Thanks for your comments, everyone. We’re really excited to have Neil’s unique perspective as part of the Notebook with this ongoing column. If you haven’t seen his tumblr, do check it out (Bobby, it may have you rethink reductively ascribing a derogatory connotation to “Tumblr scroll”!): As for the the reappearance of the “Heaven’s Gate” images I used not long ago in an “Echoes” piece, surely it is obvious that the appropriation in effect is distinct enough to merit such recycling—and besides, the incredible images in question clearly deserve more than one interpretation, and certainly more than one look! Contrary to both Pierrot and the author himself, I wouldn’t simply call this collage, and nor would I compare it to the work of JLG (what standards!!) but instead this is for me an interesting and kind of new way to track a cinephile’s cataloging of meaning found in the interactions between images made possible only by a subjective viewer’s specific context. This is why Neil has moved on from “Echoes” to his own column: these aren’t mirrors, these are windows. Can’t wait for the next entry, Neil!

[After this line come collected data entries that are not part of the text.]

lemma damped_pinv_damping_eq_rational:
  fixes M :: "real^'n^'m"
  assumes "\<mu> > 0"
  shows "damped_pinv M (damping \<mu> \<nu> M) = damped_pinv_rational \<mu> \<nu> M"
proof -
  define S where "S = M ** transpose M"
  define c where "c = det S ^ \<nu>"
  define K where "K = c *\<^sub>R S + \<mu>\<^sup>2 *\<^sub>R (mat 1 :: real^'m^'m)"
  have "c \<ge> 0"
    unfolding c_def S_def by (intro zero_le_power det_gram_nonneg)
  have rational: "damped_pinv_rational \<mu> \<nu> M = c *\<^sub>R (transpose M ** cramer_inv K)"
    by (simp add: damped_pinv_rational_def K_def c_def S_def)
  show ?thesis
  proof (cases "c > 0")
    case True
    have "det K \<noteq> 0"
      unfolding K_def S_def using det_scaled_gram_plus_scalar_nonzero[of c "\<mu>\<^sup>2" M] \<open>c \<ge> 0\<close> assms by simp
    then have "K ** cramer_inv K = mat 1"
      by (rule matrix_mul_cramer_inv)
    moreover have "S + (\<mu>\<^sup>2 / c) *\<^sub>R mat 1 = (1 / c) *\<^sub>R K"
      using True by (simp add: K_def scaleR_add_right)
    ultimately have right: "(S + (\<mu>\<^sup>2 / c) *\<^sub>R mat 1) ** (c *\<^sub>R cramer_inv K) = mat 1"
      using True by (simp add: matrix_scalar_ac scalar_matrix_assoc[symmetric])
    then have left: "(c *\<^sub>R cramer_inv K) ** (S + (\<mu>\<^sup>2 / c) *\<^sub>R mat 1) = mat 1"
      using matrix_left_right_inverse by blast
    have "damping \<mu> \<nu> M = ereal (sqrt (\<mu>\<^sup>2 / c))"
      using True by (simp add: damping_def c_def S_def)
    then have "damped_pinv M (damping \<mu> \<nu> M) = transpose M ** (c *\<^sub>R cramer_inv K)"
      using True pinv_eq_inverse[OF right left] by (simp add: damped_pinv_def S_def)
    then show ?thesis
      by (simp add: rational matrix_scalar_ac scalar_matrix_assoc)
  next
    case False
    then show ?thesis
      using \<open>c \<ge> 0\<close> rational by (simp add: damped_pinv_def damping_def c_def S_def)
  qed
qed

lemma continuously_differentiable_damped_pinv_rational:
  assumes "\<mu> > 0"
  shows "continuously_differentiable (damped_pinv_rational \<mu> \<nu> :: real^'n^'m \<Rightarrow> real^'m^'n)"
proof -
  define c :: "real^'n^'m \<Rightarrow> real" where "c M = det (M ** transpose M) ^ \<nu>" for M
  define K :: "real^'n^'m \<Rightarrow> real^'m^'m" where
    "K M = c M *\<^sub>R (M ** transpose M) + \<mu>\<^sup>2 *\<^sub>R mat 1" for M
  have gram: "continuously_differentiable (\<lambda>M::real^'n^'m. (M ** transpose M) $ i $ j)" for i j
    by (simp add: matrix_matrix_mult_def transpose_def)
      (auto intro!: continuously_differentiable_sum continuously_differentiable_mult
        continuously_differentiable_matrix_entry)
  have c: "continuously_differentiable c"
    unfolding c_def by (intro continuously_differentiable_power continuously_differentiable_det gram)
  have K: "continuously_differentiable (\<lambda>M. K M $ i $ j)" for i j
    by (simp add: K_def)
      (intro continuously_differentiable_add continuously_differentiable_mult c gram
        continuously_differentiable_const)
  have det_K: "det (K M) \<noteq> 0" for M
  proof -
    have "c M \<ge> 0"
      unfolding c_def by (intro zero_le_power det_gram_nonneg)
    then show ?thesis
      unfolding K_def using det_scaled_gram_plus_scalar_nonzero[of "c M" "\<mu>\<^sup>2" M] assms by simp
  qed
  have "continuously_differentiable (\<lambda>M. cramer_inv (K M) $ k $ j)" for k j
  proof -
    have "continuously_differentiable
        (\<lambda>M. (if b = k then (if a = j then 1 else 0) else K M $ a $ b))" for a b
      by (cases "b = k") (auto intro: continuously_differentiable_const K)
    then show ?thesis
      unfolding cramer_inv_def
      by simp (intro continuously_differentiable_divide continuously_differentiable_det det_K K, simp)
  qed
  then show ?thesis
    unfolding damped_pinv_rational_def c_def[symmetric] K_def[symmetric]
    by (intro continuously_differentiable_vec)
      (simp add: matrix_matrix_mult_def transpose_def,
        intro continuously_differentiable_mult c continuously_differentiable_sum
          continuously_differentiable_matrix_entry, simp)
qed

theorem lemma8:
  fixes A :: "real^'d \<Rightarrow> real^'n^'m" and x0 :: "real^'d"
    and \<mu> :: real and \<nu> :: nat and reg :: regclass
  assumes "regular_at reg A x0"
    and "\<mu> > 0"
  shows "regular_at reg (\<lambda>x. damped_pinv (A x) (damping \<mu> \<nu> (A x))) x0"
proof -
  have "regular_at reg (\<lambda>x. damped_pinv_rational \<mu> \<nu> (A x)) x0"
    using regular_at_compose_continuously_differentiable[OF assms(1)
        continuously_differentiable_damped_pinv_rational[OF assms(2)]] .
  then show ?thesis
    by (simp add: damped_pinv_damping_eq_rational[OF assms(2)])
qed

end
text \<open>The point (\<Sum> t f, \<Sum> t / f) lies above the chord of the convex function 1/x between two
  values of f bracketing the mean \<Sum> t f.\<close>
lemma weighted_mean_above_chord:
  fixes f :: "'n::finite \<Rightarrow> real"
  assumes t: "t \<in> prob_vectors" and f: "\<And>i. 0 < f i"
  obtains j k where "f j \<le> (\<Sum>i\<in>UNIV. t i * f i)" and "(\<Sum>i\<in>UNIV. t i * f i) \<le> f k"
    and "1/f j + 1/f k - (\<Sum>i\<in>UNIV. t i * f i) / (f j * f k) \<le> (\<Sum>i\<in>UNIV. t i / f i)"
proof -
  obtain j k where jk: "f j \<le> (\<Sum>i\<in>UNIV. t i * f i)" "(\<Sum>i\<in>UNIV. t i * f i) \<le> f k"
    and sign: "\<And>i. 0 \<le> (f i - f j) * (f i - f k)"
    using weighted_mean_bracketed[OF t, where f = f] by blast
  have t_nonneg: "0 \<le> t i" and t_sum: "(\<Sum>i\<in>UNIV. t i) = 1" for i
    using t by (auto simp: prob_vectors_def)
  have "t i * (1/f j + 1/f k - f i/(f j * f k)) \<le> t i / f i" for i
    using mult_left_mono[OF inverse_ge_chord[OF f f f sign] t_nonneg] by simp
  then have "(\<Sum>i\<in>UNIV. t i * (1/f j + 1/f k - f i/(f j * f k))) \<le> (\<Sum>i\<in>UNIV. t i / f i)"
    by (rule sum_mono)
  moreover have "(\<Sum>i\<in>UNIV. t i * (1/f j + 1/f k - f i/(f j * f k)))
      = 1/f j + 1/f k - (\<Sum>i\<in>UNIV. t i * f i) / (f j * f k)"
    by (simp add: right_diff_distrib sum_subtractf sum_divide_distrib
        flip: sum_distrib_right add: t_sum)
  ultimately show ?thesis
    using that jk by simp
qed

lemma le_top_eig_if_quadratic_form_ge:
  assumes "0 < c^2 + d^2" and "m * (c^2 + d^2) \<le> c^2*P + 2*c*d + d^2*Q"
  shows "m \<le> top_eig P Q"
  using assms order_trans[OF assms(2) quadratic_form_le_top_eig] by simp

text \<open>Evaluate the quadratic form of [[P, 1], [1, Q]] at (y^2, 1).\<close>
lemma top_eig_ge_at_endpoint:
  fixes x y P Q m :: real
  assumes x: "0 < x" and y: "0 < y"
    and chord: "1/x^2 + 1/y^2 - P/(x^2*y^2) \<le> Q"
    and sign: "0 \<le> (y^2 - 1/(x*y)) * (P - y^2)"
    and m: "m \<le> y^2 + 1/y^2"
  shows "m \<le> top_eig P Q"
proof (rule le_top_eig_if_quadratic_form_ge)
  show "0 < (y^2)^2 + 1^2"
    by (intro add_nonneg_pos) simp_all
  have "0 \<le> (y^2 - 1/(x*y)) * (P - y^2) * (y^2 + 1/(x*y))"
    using sign x y by simp
  also have "\<dots> = (y^2)^2*P + 2*y^2 + (1/x^2 + 1/y^2 - P/(x^2*y^2)) - (y^2 + 1/y^2) * ((y^2)^2 + 1^2)"
    using x y by (simp add: field_simps power2_eq_square)
  finally have "(y^2 + 1/y^2) * ((y^2)^2 + 1^2) \<le> (y^2)^2*P + 2*y^2*1 + 1^2*Q"
    using chord by simp
  moreover have "m * ((y^2)^2 + 1^2) \<le> (y^2 + 1/y^2) * ((y^2)^2 + 1^2)"
    using m by (intro mult_right_mono) simp_all
  ultimately show "m * ((y^2)^2 + 1^2) \<le> (y^2)^2*P + 2*y^2*1 + 1^2*Q"
    by linarith
qed

text \<open>Evaluate the quadratic form of [[P, 1], [1, Q]] at (1, x y).\<close>
lemma top_eig_ge_at_interior:
  fixes x y P Q m :: real
  assumes x: "0 < x" and y: "0 < y"
    and chord: "1/x^2 + 1/y^2 - P/(x^2*y^2) \<le> Q"
    and m: "m \<le> (x + y)^2 / (1 + x^2*y^2)"
  shows "m \<le> top_eig P Q"
proof (rule le_top_eig_if_quadratic_form_ge)
  show pos: "0 < 1^2 + (x*y)^2"
    by (simp add: add_pos_nonneg)
  have "(x*y)^2 * (1/x^2 + 1/y^2 - P/(x^2*y^2)) \<le> (x*y)^2 * Q"
    using chord by (intro mult_left_mono) simp_all
  moreover have "(x*y)^2 * (1/x^2 + 1/y^2 - P/(x^2*y^2)) = y^2 + x^2 - P"
    using x y by (simp add: field_simps power2_eq_square)
  moreover have "m * (1^2 + (x*y)^2) \<le> (x + y)^2"
    using m pos by (simp add: pos_le_divide_eq power_mult_distrib)
  ultimately show "m * (1^2 + (x*y)^2) \<le> 1^2*P + 2*1*(x*y) + (x*y)^2*Q"
    by (simp add: power2_eq_square algebra_simps)
qed

lemma less_one_less_if_inverse_between:
  fixes x y :: real
  assumes x: "0 < x" and xy: "x \<le> y" and between: "x^2 < 1/(x*y)" "1/(x*y) < y^2"
  shows "x < 1 \<and> 1 < y"
proof (intro conjI; rule ccontr)
  assume "\<not> x < 1"
  then have "1 \<le> x * y" and "1 \<le> x^2"
    using x xy by (simp_all add: one_le_power mult_ge1_I)
  then have "1/(x*y) \<le> 1"
    using x by simp
  then show False
    using between \<open>1 \<le> x^2\<close> by linarith
next
  assume "\<not> 1 < y"
  then have "x * y \<le> 1" and "y^2 \<le> 1"
    using x xy by (simp_all add: power_le_one mult_le_one)
  then have "1 \<le> 1/(x*y)"
    using x xy by simp
  then show False
    using between \<open>y^2 \<le> 1\<close> by linarith
qed

lemma top_eig_ge_above_chord:
  fixes x y P Q m :: real
  assumes x: "0 < x" and y: "0 < y" and xP: "x^2 \<le> P" and Py: "P \<le> y^2"
    and chord: "1/x^2 + 1/y^2 - P/(x^2*y^2) \<le> Q"
    and mx: "m \<le> x^2 + 1/x^2" and my: "m \<le> y^2 + 1/y^2"
    and mxy: "x < 1 \<Longrightarrow> 1 < y \<Longrightarrow> x^2 \<le> 1/(x*y) \<Longrightarrow> 1/(x*y) \<le> y^2 \<Longrightarrow>
      m \<le> (x + y)^2 / (1 + x^2*y^2)"
  shows "m \<le> top_eig P Q"
proof -
  have xy: "x \<le> y"
    using power2_le_imp_le[OF order_trans[OF xP Py]] y by simp
  consider "y^2 \<le> 1/(x*y)" | "1/(x*y) \<le> x^2" | "x^2 < 1/(x*y)" "1/(x*y) < y^2"
    by (meson not_le)
  then show ?thesis
  proof cases
    case 1
    have "0 \<le> (y^2 - 1/(x*y)) * (P - y^2)"
      using 1 Py by (intro mult_nonpos_nonpos) simp_all
    then show ?thesis
      by (rule top_eig_ge_at_endpoint[OF x y chord _ my])
  next
    case 2
    have "1/y^2 + 1/x^2 - P/(y^2*x^2) \<le> Q"
      using chord by (simp add: ac_simps)
    moreover have "0 \<le> (x^2 - 1/(y*x)) * (P - x^2)"
      using 2 xP by (intro mult_nonneg_nonneg) (simp_all add: ac_simps)
    ultimately show ?thesis
      by (rule top_eig_ge_at_endpoint[OF y x _ _ mx])
  next
    case 3
    then have "x < 1" "1 < y"
      using less_one_less_if_inverse_between[OF x xy] by auto
    then show ?thesis
      using 3 by (intro top_eig_ge_at_interior[OF x y chord] mxy) auto
  qed
qed

lemma gram_eig_ge:
  fixes lam :: "'n::finite \<Rightarrow> real"
  assumes pos: "\<And>i. 0 < lam i" and t: "t \<in> prob_vectors"
    and vertex: "\<And>i. m \<le> lam i^2 + 1/lam i^2"
    and pair: "\<And>i j. lam i < 1 \<Longrightarrow> 1 < lam j \<Longrightarrow> lam i^2 \<le> 1/(lam i * lam j) \<Longrightarrow>
      1/(lam i * lam j) \<le> lam j^2 \<Longrightarrow> m \<le> (lam i + lam j)^2 / (1 + lam i^2 * lam j^2)"
  shows "m \<le> gram_eig lam t"
proof -
  have sq_pos: "0 < lam i^2" for i
    using pos[of i] by simp
  obtain j k where "lam j^2 \<le> (\<Sum>i\<in>UNIV. t i * lam i^2)" "(\<Sum>i\<in>UNIV. t i * lam i^2) \<le> lam k^2"
    and "1/lam j^2 + 1/lam k^2 - (\<Sum>i\<in>UNIV. t i * lam i^2) / (lam j^2 * lam k^2)
      \<le> (\<Sum>i\<in>UNIV. t i / lam i^2)"
    by (rule weighted_mean_above_chord[OF t sq_pos])
  then show ?thesis
    unfolding gram_eig_def
    by (intro top_eig_ge_above_chord[OF pos pos] vertex pair) (auto simp: power_mult_distrib)
qed

text \<open>The weight t is chosen so that V - P = x y for V = (x + y)^2 / (1 + x^2 y^2); then also
  V - Q = 1 / (x y), so V is exactly the top eigenvalue.\<close>
lemma top_eig_two_point_le:
  fixes x y :: real
  assumes x: "0 < x" and xy: "x < y" and h1: "x^3*y \<le> 1" and h2: "1 \<le> x*y^3"
  defines "t \<equiv> x*(x*y^3 - 1) / ((y - x)*(1 + x^2*y^2))"
  shows "0 \<le> t" and "t \<le> 1"
    and "top_eig (t*x^2 + (1-t)*y^2) (t/x^2 + (1-t)/y^2) \<le> (x + y)^2 / (1 + x^2*y^2)"
proof -
  define E where "E = 1 + x^2*y^2"
  define D where "D = (y - x) * E"
  define V where "V = (x + y)^2 / E"
  have E: "0 < E"
    unfolding E_def by (simp add: add_pos_nonneg)
  have D: "0 < D"
    unfolding D_def using E xy by simp
  have y: "0 < y"
    using x xy by simp
  have "t = x*(x*y^3 - 1) / D"
    unfolding t_def D_def E_def ..
  then have tD: "t * D = x*(x*y^3 - 1)"
    using D by simp
  have t1D: "(1 - t) * D = y*(1 - x^3*y)"
    using tD by (simp add: D_def E_def algebra_simps power2_eq_square power3_eq_cube)
  have "0 \<le> t * D"
    unfolding tD using h2 x by simp
  then show "0 \<le> t"
    using D by (simp add: zero_le_mult_iff)
  have "0 \<le> (1 - t) * D"
    unfolding t1D using h1 y by simp
  then show "t \<le> 1"
    using D by (simp add: zero_le_mult_iff)
  have VD: "V * D = (y - x) * (x + y)^2"
    using E by (simp add: V_def D_def)
  have "(V - (t*x^2 + (1-t)*y^2)) * D = V*D - (t*D)*x^2 - ((1-t)*D)*y^2"
    by (simp add: algebra_simps)
  also have "\<dots> = (x*y) * D"
    unfolding VD tD t1D by (simp add: D_def E_def algebra_simps power2_eq_square power3_eq_cube)
  finally have VP: "V - (t*x^2 + (1-t)*y^2) = x*y"
    using D by simp
  have "(V - (t/x^2 + (1-t)/y^2)) * (D * (x*y)) = V*D*(x*y) - (t*D)*(y/x) - ((1-t)*D)*(x/y)"
    using x y by (simp add: field_simps power2_eq_square)
  also have "\<dots> = D"
    unfolding VD tD t1D using x y
    by (simp add: D_def E_def field_simps power2_eq_square power3_eq_cube)
  finally have "V - (t/x^2 + (1-t)/y^2) = D / (D * (x*y))"
    using D x y by (simp add: eq_divide_eq)
  then have VQ: "V - (t/x^2 + (1-t)/y^2) = 1/(x*y)"
    using D by simp
  show "top_eig (t*x^2 + (1-t)*y^2) (t/x^2 + (1-t)/y^2) \<le> (x + y)^2 / (1 + x^2*y^2)"
    unfolding top_eig_le_iff V_def[unfolded E_def, symmetric]
    using VP VQ x y by (simp add: algebra_simps)
qed
lemma convex_combination_hits_interior:
  fixes f :: "'i \<Rightarrow> real^'n::finite \<Rightarrow> real^'n"
  assumes "finite I"
    and cont: "\<And>i. i \<in> I \<Longrightarrow> continuous_on std_simplex (f i)"
    and into: "\<And>i. i \<in> I \<Longrightarrow> f i ` std_simplex \<subseteq> std_simplex"
    and face: "\<And>i x j. i \<in> I \<Longrightarrow> x \<in> std_simplex \<Longrightarrow> x$j = 0 \<Longrightarrow> f i x $ j = 0"
    and c: "\<And>i. i \<in> I \<Longrightarrow> 0 \<le> c i" "(\<Sum>i\<in>I. c i) = 1"
    and b: "b \<in> std_simplex" "\<And>j. 0 < b$j"
  shows "\<exists>x\<in>std_simplex. (\<Sum>i\<in>I. c i *\<^sub>R f i x) = b"
proof (rule face_preserving_map_hits_interior[OF _ _ _ b])
  show "continuous_on std_simplex (\<lambda>x. \<Sum>i\<in>I. c i *\<^sub>R f i x)"
    by (intro continuous_intros cont)
  show "(\<lambda>x. \<Sum>i\<in>I. c i *\<^sub>R f i x) ` std_simplex \<subseteq> std_simplex"
    using into by (auto intro!: convex_sum[OF \<open>finite I\<close> convex_std_simplex] c)
  show "(\<Sum>i\<in>I. c i *\<^sub>R f i x) $ j = 0" if "x \<in> std_simplex" "x$j = 0" for x j
    using face that by simp
qed

lemma convex_combination_support_bounds:
  fixes y :: "'i \<Rightarrow> real^'n::finite"
  assumes "finite I" and y: "\<And>i. i \<in> I \<Longrightarrow> y i \<in> std_simplex"
    and c: "\<And>i. i \<in> I \<Longrightarrow> 0 \<le> c i"
    and b: "b = (\<Sum>i\<in>I. c i *\<^sub>R y i)"
  shows "\<And>i. i \<in> I \<Longrightarrow> c i \<le> (\<Sum>j | 0 < y i $ j. b$j)"
    and "b$j \<le> (\<Sum>i | i \<in> I \<and> 0 < y i $ j. c i)"
proof -
  have y_nonneg: "i \<in> I \<Longrightarrow> 0 \<le> y i $ j" for i j using y std_simplex_nonneg by blast
  have b_j: "b$j = (\<Sum>i\<in>I. c i * y i $ j)" for j by (simp add: b)
  show "c i \<le> (\<Sum>j | 0 < y i $ j. b$j)" if i: "i \<in> I" for i
  proof -
    have "c i = (\<Sum>j\<in>UNIV. c i * y i $ j)"
      using std_simplex_sum[OF y[OF i]] by (simp add: sum_distrib_left[symmetric])
    also have "\<dots> = (\<Sum>j | 0 < y i $ j. c i * y i $ j)"
      using y_nonneg[OF i] by (intro sum.mono_neutral_right) (auto simp: less_le)
    also have "\<dots> \<le> (\<Sum>j | 0 < y i $ j. b$j)"
      unfolding b_j using i c y_nonneg
      by (intro sum_mono member_le_sum[OF _ _ \<open>finite I\<close>, of i "\<lambda>i. c i * y i $ _"]) auto
    finally show ?thesis .
  qed
  have "b$j = (\<Sum>i | i \<in> I \<and> 0 < y i $ j. c i * y i $ j)"
    unfolding b_j using y_nonneg \<open>finite I\<close> by (intro sum.mono_neutral_right) (auto simp: less_le)
  also have "\<dots> \<le> (\<Sum>i | i \<in> I \<and> 0 < y i $ j. c i)"
    using c y std_simplex_le_1 by (intro sum_mono mult_right_le_one_le) auto
  finally show "b$j \<le> (\<Sum>i | i \<in> I \<and> 0 < y i $ j. c i)" .
qed

definition support_face :: "real^'n::finite \<Rightarrow> (real^'n) set" where
  "support_face x = {y\<in>std_simplex. \<forall>j. x$j = 0 \<longrightarrow> y$j = 0}"

lemma support_face_face_of: "support_face (x::real^'n::finite) face_of std_simplex"
proof -
  define a :: "real^'n" where "a = (\<chi> j. if x$j = 0 then -1 else 0)"
  have a_inner: "a \<bullet> y = - (\<Sum>j | x$j = 0. y$j)" for y
  proof -
    have "a \<bullet> y = (\<Sum>j\<in>UNIV. if x$j = 0 then - y$j else 0)"
      unfolding inner_vec_def by (rule sum.cong) (auto simp: a_def)
    then show ?thesis by (simp add: sum.If_cases sum_negf)
  qed
  have "(\<Sum>j | x$j = 0. y$j) = 0 \<longleftrightarrow> (\<forall>j. x$j = 0 \<longrightarrow> y$j = 0)" if "y \<in> std_simplex" for y
    using sum_nonneg_eq_0_iff[of "{j. x$j = 0}" "\<lambda>j. y$j"] std_simplex_nonneg[OF that] by auto
  then have "support_face x = std_simplex \<inter> {y. a \<bullet> y = 0}"
    by (auto simp: support_face_def a_inner)
  moreover have "std_simplex \<inter> {y. a \<bullet> y = 0} face_of std_simplex"
    by (rule face_of_Int_supporting_hyperplane_le)
       (auto simp: convex_std_simplex a_inner std_simplex_nonneg intro: sum_nonneg)
  ultimately show ?thesis by simp
qed

lemma in_support_face: "x \<in> std_simplex \<Longrightarrow> x \<in> support_face x"
  by (simp add: support_face_def)

lemma simplicial_complex_face_mem:
  "simplicial_complex T \<Longrightarrow> S \<in> T \<Longrightarrow> F face_of S \<Longrightarrow> F \<in> T"
  unfolding simplicial_complex_def by blast

lemma simplicial_complex_Int_face_of:
  "simplicial_complex T \<Longrightarrow> S \<in> T \<Longrightarrow> S' \<in> T \<Longrightarrow> (S \<inter> S') face_of S"
  unfolding simplicial_complex_def by blast

lemma simplex_in_complex:
  assumes "simplicial_complex T" "\<sigma> \<in> T"
  shows "finite (simplex_vertices \<sigma>)" "compact \<sigma>" "convex \<sigma>"
proof -
  obtain d where "d simplex \<sigma>" using assms unfolding simplicial_complex_def by blast
  then obtain C where C: "finite C" "\<sigma> = convex hull C" unfolding simplex by blast
  have "simplex_vertices \<sigma> \<subseteq> C"
    unfolding simplex_vertices_def C(2) using extreme_point_of_convex_hull by blast
  then show "finite (simplex_vertices \<sigma>)" using C(1) finite_subset by blast
  show "compact \<sigma>" "convex \<sigma>" using C by (auto simp: finite_imp_compact_convex_hull)
qed

lemma finite_tri_vertices: "simplicial_complex T \<Longrightarrow> finite (tri_vertices T)"
  unfolding tri_vertices_def using simplex_in_complex(1)
  by (metis finite_UN simplicial_complex_def)

lemma sperner_label_coordinate_pos:
  assumes "triangulation_of_std_simplex T" "sperner_labeling T lab" "v \<in> tri_vertices T"
  shows "0 < v $ lab v"
proof -
  have "v \<in> std_simplex"
    using assms(1,3) extreme_point_of_def
    unfolding triangulation_of_std_simplex_def tri_vertices_def simplex_vertices_def by blast
  then have "min_face v \<subseteq> support_face v"
    unfolding min_face_def using support_face_face_of in_support_face by blast
  moreover have "std_vertex (lab v) \<in> min_face v"
    using assms(2,3) unfolding sperner_labeling_def by blast
  ultimately have "std_vertex (lab v) \<in> support_face v" by blast
  then have "v $ lab v \<noteq> 0"
    unfolding support_face_def std_vertex_def by (auto simp: axis_def)
  with \<open>v \<in> std_simplex\<close> show ?thesis using std_simplex_nonneg less_le by metis
qed

lemma exists_carrier_simplex:
  assumes tri: "triangulation_of_std_simplex T" and x: "x \<in> std_simplex"
  obtains \<sigma> where "\<sigma> \<in> T" "x \<in> \<sigma>" "\<And>\<tau>. \<tau> \<in> T \<Longrightarrow> x \<in> \<tau> \<Longrightarrow> \<sigma> \<subseteq> \<tau>"
    "\<sigma> \<subseteq> support_face x"
proof -
  have T: "simplicial_complex T" and U: "\<Union>T = std_simplex"
    using tri unfolding triangulation_of_std_simplex_def by auto
  have "finite {\<sigma>\<in>T. x \<in> \<sigma>}" "{\<sigma>\<in>T. x \<in> \<sigma>} \<noteq> {}"
    using T x U unfolding simplicial_complex_def by auto
  then obtain \<sigma> where \<sigma>: "\<sigma> \<in> T" "x \<in> \<sigma>"
    and minimal: "\<And>\<tau>. \<tau> \<in> T \<Longrightarrow> x \<in> \<tau> \<Longrightarrow> \<tau> \<subseteq> \<sigma> \<Longrightarrow> \<tau> = \<sigma>"
    using finite_has_minimal[of "{\<sigma>\<in>T. x \<in> \<sigma>}"] by blast
  have face_through_x: "F = \<sigma>" if "F face_of \<sigma>" "x \<in> F" for F
    using minimal[of F] simplicial_complex_face_mem[OF T \<sigma>(1)] that face_of_imp_subset by blast
  show thesis
  proof
    show "\<sigma> \<subseteq> \<tau>" if "\<tau> \<in> T" "x \<in> \<tau>" for \<tau>
      using face_through_x[of "\<sigma> \<inter> \<tau>"] simplicial_complex_Int_face_of[OF T \<sigma>(1)] \<sigma>(2) that
      by blast
    have "\<sigma> \<subseteq> std_simplex" using \<sigma>(1) U by blast
    then have "(support_face x \<inter> \<sigma>) face_of \<sigma>"
      using face_of_slice[OF support_face_face_of simplex_in_complex(3)[OF T \<sigma>(1)]]
      by (simp add: Int_absorb1)
    then show "\<sigma> \<subseteq> support_face x"
      using face_through_x in_support_face[OF x] \<sigma>(2) by blast
  qed (use \<sigma> in auto)
qed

One shudders at the thought of what Bobby Wise considers “critical articles”.
All fine and well, but these various branded Notebook visual columns start to blend into each other. Not enough frequency. Using the same images probably doesn’t help. Deserving more than one interpretation is fine, but can we cast our net just a bit wider (not only in regards to that image, but also in regards to John Ford too)?
But cinema IS John Ford ;)
In all seriousness though, Bobby, perhaps let’s see how “Our Daily Bread” unfolds over time before making such a call.
Cast a wider net? So, he writes about a lesser-seen, silent Ford, and you accuse him of casting too small a net? Or are you saying that we should move on from Ford? What’s your proposition here, exactly? How can you even feel comfortable proposing anything when you’re so frustratingly incomprehensible? Just when should we be finished with a director, or even a single image? Man, your the last guy who should have any say on that. If you’re unwilling to keep digging, keep peeling back, why the hell are you bothering with cinema? Jesus Christ, Wise, you pingpong from half-formed stance to half-formed stance so rapidly it’s bewildering. Do you have a center? What could possibly be your driving force?
Of course. We’ll let it unfold. Give us this next day our daily bread. And forgive us our trespasses, as we forgive those who trespass against us.
To be fair, Hitchcock sent Mel Brooks six magnums of wine after seeing High Anxiety, so certainly the comparison can’t be that bad!